Mixed Messages Follow First Day of School
For Fiorella León, 6, the kickoff to first grade at Escuela Buenaventura Corrales in San José went off without a hitch. Leaving school at 5 p.m. on Tuesday, she said her first day was “easy,” showed off drawings she’d made, and, when asked by her father, Rolando, what her new teacher is like, gave the universal first-day kids’ response: a cautious “nice.”
According to teachers’ associations, she’s one of the lucky ones. Logistical problems common during first days of school in the past have struck again this year, union leaders say. However, the Public Education Ministry (MEP) maintains these claims are exaggerated and that the 2006 school year began with record levels of order for 1.05 million students.
Because the 200-day school year does not include any paid planning or training time for teachers before school begins, the first day of classes is doomed to be chaotic, since teachers who don’t go above the call of duty walk into their classrooms for the first time along with their students, according to Jesús Vásquez, president of the Association of High-School Educators. He added that in high schools, the fact that no days are set aside for makeup testing from the year before means that some teachers supervise exams on the first day, and students who don’t need further testing are “walking around.”

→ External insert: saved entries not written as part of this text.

(* There exists a Stackelberg game $(G,L,F)$ that admits no SCE-PAPE, i.e. $\mathbf{X}^{SCE\text{-}PAPE}=\emptyset$.
   Context: A finite game is $G=(N,\{S_p\}_{p\in N},\{u_p\}_{p\in N})$ with players $N=\{1,\dots,n\}$, finite nonempty strategy sets $S_p$, and utilities $u_p:S\to\mathbb{R}$ on $S=\prod_{p\in N}S_p$; write $s=(s_p,s_{-p})$ with $s_{-p}\in S_{-p}=\prod_{q\neq p}S_q$. $\mathcal{X}=\Delta(S)$ is the set of probability distributions on $S$ and $u_p(x)=\sum_{s\in S}x(s)u_p(s)$ for $x\in\mathcal{X}$. For $P\subseteq N$, $\mathcal{X}^{CE}_P$ is the set of $x\in\mathcal{X}$ such that for every $p\in P$ and all $s_p\neq s_p'\in S_p$: $\sum_{s_{-p}\in S_{-p}} x(s_p,s_{-p})\,(u_p(s_p,s_{-p})-u_p(s_p',s_{-p}))\ge 0$; $\mathcal{X}^{CE}=\mathcal{X}^{CE}_N$ is the set of correlated equilibria of $G$. A Stackelberg game (SG) is a triple $(G,L,F)$ with $L\cup F=N$ and $L\cap F=\emptyset$ (leaders and followers). For $P\subseteq N$, $\Pi_P$ is the set of ordered subsets of $P$ (finite sequences of pairwise distinct elements of $P$, including the empty sequence $\varnothing$); for $\pi\in\Pi_P$ and $p\in P$ not occurring in $\pi$, $\pi p$ is $\pi$ with $p$ appended; when used as a set, $\pi$ means its set of entries. $\mathbf{X}=\prod_{\pi\in\Pi_L}\mathcal{X}^{CE}_{\pi\cup F}$, with elements $\mathbf{x}=[x_\pi]_{\pi\in\Pi_L}$. For $\mathbf{x}\in\mathbf{X}$ and $\pi\in\Pi_L$, $x_\pi$ is stable if $u_p(x_\pi)\ge u_p(x_{\pi p})$ for all $p\in L\setminus\pi$; $\mathbf{x}$ is stable if $x_\varnothing$ is stable, and perfectly stable if $x_\pi$ is stable for every $\pi\in\Pi_L$; $\mathbf{X}^{S}$ and $\mathbf{X}^{PS}$ denote the sets of stable and perfectly stable elements of $\mathbf{X}$. For $\mathbf{X}'\subseteq\mathbf{X}$ and $\pi\in\Pi_L$, $\mathcal{P}_{L\setminus\pi}(\mathbf{X}')$ is the set of Pareto optimal elements of $\{x'_\pi:\mathbf{x}'\in\mathbf{X}'\}$ with respect to the objectives $u_p$, $p\in L\setminus\pi$ (an element $y$ of the set is Pareto optimal if no $y'$ in the set satisfies $u_p(y')\ge u_p(y)$ for all $p\in L\setminus\pi$ with strict inequality for some such $p$). $\mathbf{x}\in\mathbf{X}$ is an SCE-PAPE if $\mathbf{x}\in\mathbf{X}^{PS}$ and $x_\pi\in\mathcal{P}_{L\setminus\pi}(\mathbf{X}^{PS})$ for every $\pi\in\Pi_L$; $\mathbf{X}^{SCE\text{-}PAPE}$ is the set of SCE-PAPEs. *)

theory Defs
  imports Complex_Main "HOL-Library.FuncSet"
begin

type_synonym profile = "nat \<Rightarrow> nat"
type_synonym dist = "profile \<Rightarrow> real"

definition players :: "nat \<Rightarrow> nat set" where
  "players n = {1..n}"

definition finite_game :: "nat \<Rightarrow> (nat \<Rightarrow> nat set) \<Rightarrow> bool" where
  "finite_game n S \<longleftrightarrow> (\<forall>p\<in>players n. finite (S p) \<and> S p \<noteq> {})"
text \<open>Both concavity conditions are second-order conditions along lines: on an open convex
set, a function with second derivatives along lines is concave iff these are never positive.
For f itself the second derivative along x + s v is the Hessian form, which gives (2). For
f*(y) = -f(1/y) put x = 1/y and u_i = v_i / y_i^2: the curve s \<mapsto> 1/(y + s v) has velocity -u
and acceleration 2 v_i^2 / y_i^3 = 2 u_i^2 / x_i at s = 0, so minus the second derivative of f*
along y + s v is the quadratic form of (3) at u, and u ranges over all vectors. Since smooth_on only provides partial derivatives, the chain rule rests on Frechet
differentiability, which follows from the continuity of the partials.\<close>

lemma has_real_derivative_along_line_shift:
  fixes F :: "'a::real_vector \<Rightarrow> real"
  assumes "((\<lambda>s. F (x + t *\<^sub>R v + s *\<^sub>R v)) has_real_derivative D) (at 0)"
  shows "((\<lambda>s. F (x + s *\<^sub>R v)) has_real_derivative D) (at t)"
proof -
  have shift: "x + t *\<^sub>R v + s *\<^sub>R v = x + (s + t) *\<^sub>R v" for s
    by (simp add: algebra_simps)
  have "((\<lambda>s. F (x + (s + t) *\<^sub>R v)) has_real_derivative D) (at 0)"
    using assms unfolding shift .
  then show ?thesis
    using DERIV_shift[where f="\<lambda>s. F (x + s *\<^sub>R v)" and x=0 and z=t] by simp
qed

lemma coordinate_increment_bound:
  fixes g :: "real^'n \<Rightarrow> real"
  assumes D: "\<And>i y. dist y x < r \<Longrightarrow> ((\<lambda>t. g (y + t *\<^sub>R axis i 1)) has_real_derivative D i y) (at 0)"
    and B: "\<And>i y. dist y x < r \<Longrightarrow> \<bar>D i y - D i x\<bar> \<le> \<epsilon>"
    and seg: "\<And>z. \<bar>z\<bar> \<le> \<bar>c\<bar> \<Longrightarrow> dist (y + z *\<^sub>R axis a 1) x < r"
  shows "\<bar>g (y + c *\<^sub>R axis a 1) - g y - D a x * c\<bar> \<le> \<epsilon> * \<bar>c\<bar>"
proof -
  define \<psi> where "\<psi> s = g (y + s *\<^sub>R axis a 1) - s * D a x" for s
  let ?S = "{-\<bar>c\<bar>..\<bar>c\<bar>}"
  have "(\<psi> has_real_derivative D a (y + s *\<^sub>R axis a 1) - D a x) (at s within ?S)"
    if s: "s \<in> ?S" for s
  proof -
    have "((\<lambda>t. g (y + t *\<^sub>R axis a 1)) has_real_derivative D a (y + s *\<^sub>R axis a 1)) (at s)"
      by (rule has_real_derivative_along_line_shift, rule D, rule seg) (use s in auto)
    then have "(\<psi> has_real_derivative D a (y + s *\<^sub>R axis a 1) - D a x) (at s)"
      unfolding \<psi>_def by (auto intro!: derivative_eq_intros)
    then show ?thesis
      by (rule has_field_derivative_at_within)
  qed
  moreover have "norm (D a (y + s *\<^sub>R axis a 1) - D a x) \<le> \<epsilon>" if "s \<in> ?S" for s
    using B seg that by auto
  ultimately have "norm (\<psi> c - \<psi> 0) \<le> \<epsilon> * norm (c - 0)"
    by (intro field_differentiable_bound[OF convex_real_interval(5)]) auto
  then show ?thesis by (simp add: \<psi>_def algebra_simps)
qed

lemma increment_bound_along_coordinates:
  fixes g :: "real^'n \<Rightarrow> real"
  assumes D: "\<And>i y. dist y x < r \<Longrightarrow> ((\<lambda>t. g (y + t *\<^sub>R axis i 1)) has_real_derivative D i y) (at 0)"
    and B: "\<And>i y. dist y x < r \<Longrightarrow> \<bar>D i y - D i x\<bar> \<le> \<epsilon>"
    and "finite F" and "\<And>i. i \<notin> F \<Longrightarrow> k $ i = 0" and "norm k < r"
  shows "\<bar>g (x + k) - g x - (\<Sum>i\<in>F. D i x * k $ i)\<bar> \<le> \<epsilon> * (\<Sum>i\<in>F. \<bar>k $ i\<bar>)"
  using assms(3-)
proof (induction F arbitrary: k rule: finite_induct)
  case empty
  then have "k = 0" by (simp add: vec_eq_iff)
  then show ?case by simp
next
  case (insert a F)
  define k' where "k' = k - (k $ a) *\<^sub>R axis a 1"
  have k'_nth: "k' $ i = (if i = a then 0 else k $ i)" for i
    by (simp add: k'_def axis_def)
  have seg: "dist (x + k' + z *\<^sub>R axis a 1) x < r" if "\<bar>z\<bar> \<le> \<bar>k $ a\<bar>" for z
  proof -
    have "norm (k' + z *\<^sub>R axis a 1) \<le> norm k"
      by (rule norm_le_componentwise_cart) (use that in \<open>auto simp: k'_nth axis_def\<close>)
    then show ?thesis using insert.prems by (simp add: dist_norm add.assoc)
  qed
  have step: "\<bar>g (x + k' + (k $ a) *\<^sub>R axis a 1) - g (x + k') - D a x * k $ a\<bar> \<le> \<epsilon> * \<bar>k $ a\<bar>"
    by (rule coordinate_increment_bound[OF D B seg])
  have "k' $ i = 0" if "i \<notin> F" for i
    using insert.prems(1)[of i] that by (simp add: k'_nth)
  moreover have "norm k' \<le> norm k"
    by (rule norm_le_componentwise_cart) (simp add: k'_nth)
  ultimately have IH: "\<bar>g (x + k') - g x - (\<Sum>i\<in>F. D i x * k' $ i)\<bar> \<le> \<epsilon> * (\<Sum>i\<in>F. \<bar>k' $ i\<bar>)"
    using insert.prems(2) by (intro insert.IH) auto
  have "(\<Sum>i\<in>F. D i x * k' $ i) = (\<Sum>i\<in>F. D i x * k $ i)" "(\<Sum>i\<in>F. \<bar>k' $ i\<bar>) = (\<Sum>i\<in>F. \<bar>k $ i\<bar>)"
    using insert.hyps by (auto intro!: sum.cong simp: k'_nth)
  moreover have "g (x + k) = g (x + k' + (k $ a) *\<^sub>R axis a 1)"
    by (simp add: k'_def)
  ultimately have "g (x + k) - g x - (\<Sum>i\<in>insert a F. D i x * k $ i)
      = (g (x + k' + (k $ a) *\<^sub>R axis a 1) - g (x + k') - D a x * k $ a)
        + (g (x + k') - g x - (\<Sum>i\<in>F. D i x * k' $ i))"
    "\<epsilon> * (\<Sum>i\<in>insert a F. \<bar>k $ i\<bar>) = \<epsilon> * \<bar>k $ a\<bar> + \<epsilon> * (\<Sum>i\<in>F. \<bar>k' $ i\<bar>)"
    using insert.hyps by (simp_all add: distrib_left)
  then show ?case
    by (simp only:) (rule order_trans[OF abs_triangle_ineq add_mono[OF step IH]])
qed
lemma open_translated_differences_lctvs:
  fixes W :: "'a::locally_convex_tvs set"
  assumes "open W"
  shows "open {a + x - k - w | x k w. x \<in> X \<and> k \<in> K \<and> w \<in> W}"
proof -
  have "{a + x - k - w | x k w. x \<in> X \<and> k \<in> K \<and> w \<in> W}
      = (\<Union>x\<in>X. \<Union>k\<in>K. (\<lambda>y. (- 1) *\<^sub>R (y - (a + x - k))) -` W)"
  proof (intro equalityI subsetI)
    fix y assume "y \<in> {a + x - k - w | x k w. x \<in> X \<and> k \<in> K \<and> w \<in> W}"
    then obtain x k w where "x \<in> X" "k \<in> K" "w \<in> W" "y = a + x - k - w" by blast
    moreover have "(- 1) *\<^sub>R (y - (a + x - k)) = w" using \<open>y = a + x - k - w\<close> by simp
    ultimately show "y \<in> (\<Union>x\<in>X. \<Union>k\<in>K. (\<lambda>y. (- 1) *\<^sub>R (y - (a + x - k))) -` W)"
      by blast
  next
    fix y assume "y \<in> (\<Union>x\<in>X. \<Union>k\<in>K. (\<lambda>y. (- 1) *\<^sub>R (y - (a + x - k))) -` W)"
    then obtain x k where "x \<in> X" "k \<in> K" "(- 1) *\<^sub>R (y - (a + x - k)) \<in> W" by blast
    moreover have "y = a + x - k - (- 1) *\<^sub>R (y - (a + x - k))" by simp
    ultimately show "y \<in> {a + x - k - w | x k w. x \<in> X \<and> k \<in> K \<and> w \<in> W}" by blast
  qed
  then show ?thesis by (simp only:) (intro open_UN ballI open_vimage_affine_lctvs assms)
qed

“The law legitimizes disorder in schools at the beginning and end of the year,”
Vásquez told The Tico Times, referring to a 2001 decree by the Government Attorney’s Office that training or planning time does not count as class days, nor as paid days for teachers.
In addition, schools were tripped up Tuesday by lack of personnel, desks and financial support for students lacking resources, according to Gonzalo Ortíz, treasurer of the National Educators’ Association.
Desk shortages have been a problem for years (TT, Feb. 13, 2004).
“There are kids who have no place to sit to receive their lessons,” he told The Tico Times. Asked why these problems occur year after year, Ortíz attributed them to “lack of planning, lack of foresight.”
Also as in years past, the government’s assessment of the first day of school varied wildly from the unions’ account. The Public Education Ministry did not respond to Tico Times phone calls this week, though Education Vice-Minister Marlen Gómez told the daily La República the first day of school was successful and “could be characterized as a record because the problems that occurred were minimal.”
President Abel Pacheco, during a speech at the official inauguration of the school year, held at the newly renovated Escuela Tomás Guardia in the Caribbean port city of Limón, said educational achievements during his term were accomplished despite the failure of the Legislative Assembly to provide increased funds to the central government by approving Pacheco’s tax reform bill.
“(Imagine) if they had given us the resources we’ve been asking for since August 2002!” the President said.
The school year began with 12 new primary schools, 20 high schools and 15 teleconferencing high schools, according to the ministry. A statement from MEP last week said funds for the special grants designed to cover underprivileged students’ initial school costs had already been deposited in order to avoid the delays in those payments that have occurred in the past. (Ortíz pointed out, however, that new students are unlikely to receive their funds for months, since schools must identify needy students and get the corresponding funds approved by MEP and the Finance Ministry.)
The ministry’s budget of approximately ¢536 billion ($1.08 billion) – 13.81% larger than the year before, when 1.02 million students enrolled in schools – has been used to fund, among other projects, the hiring of 1,548 additional teachers (TT, Jan. 13).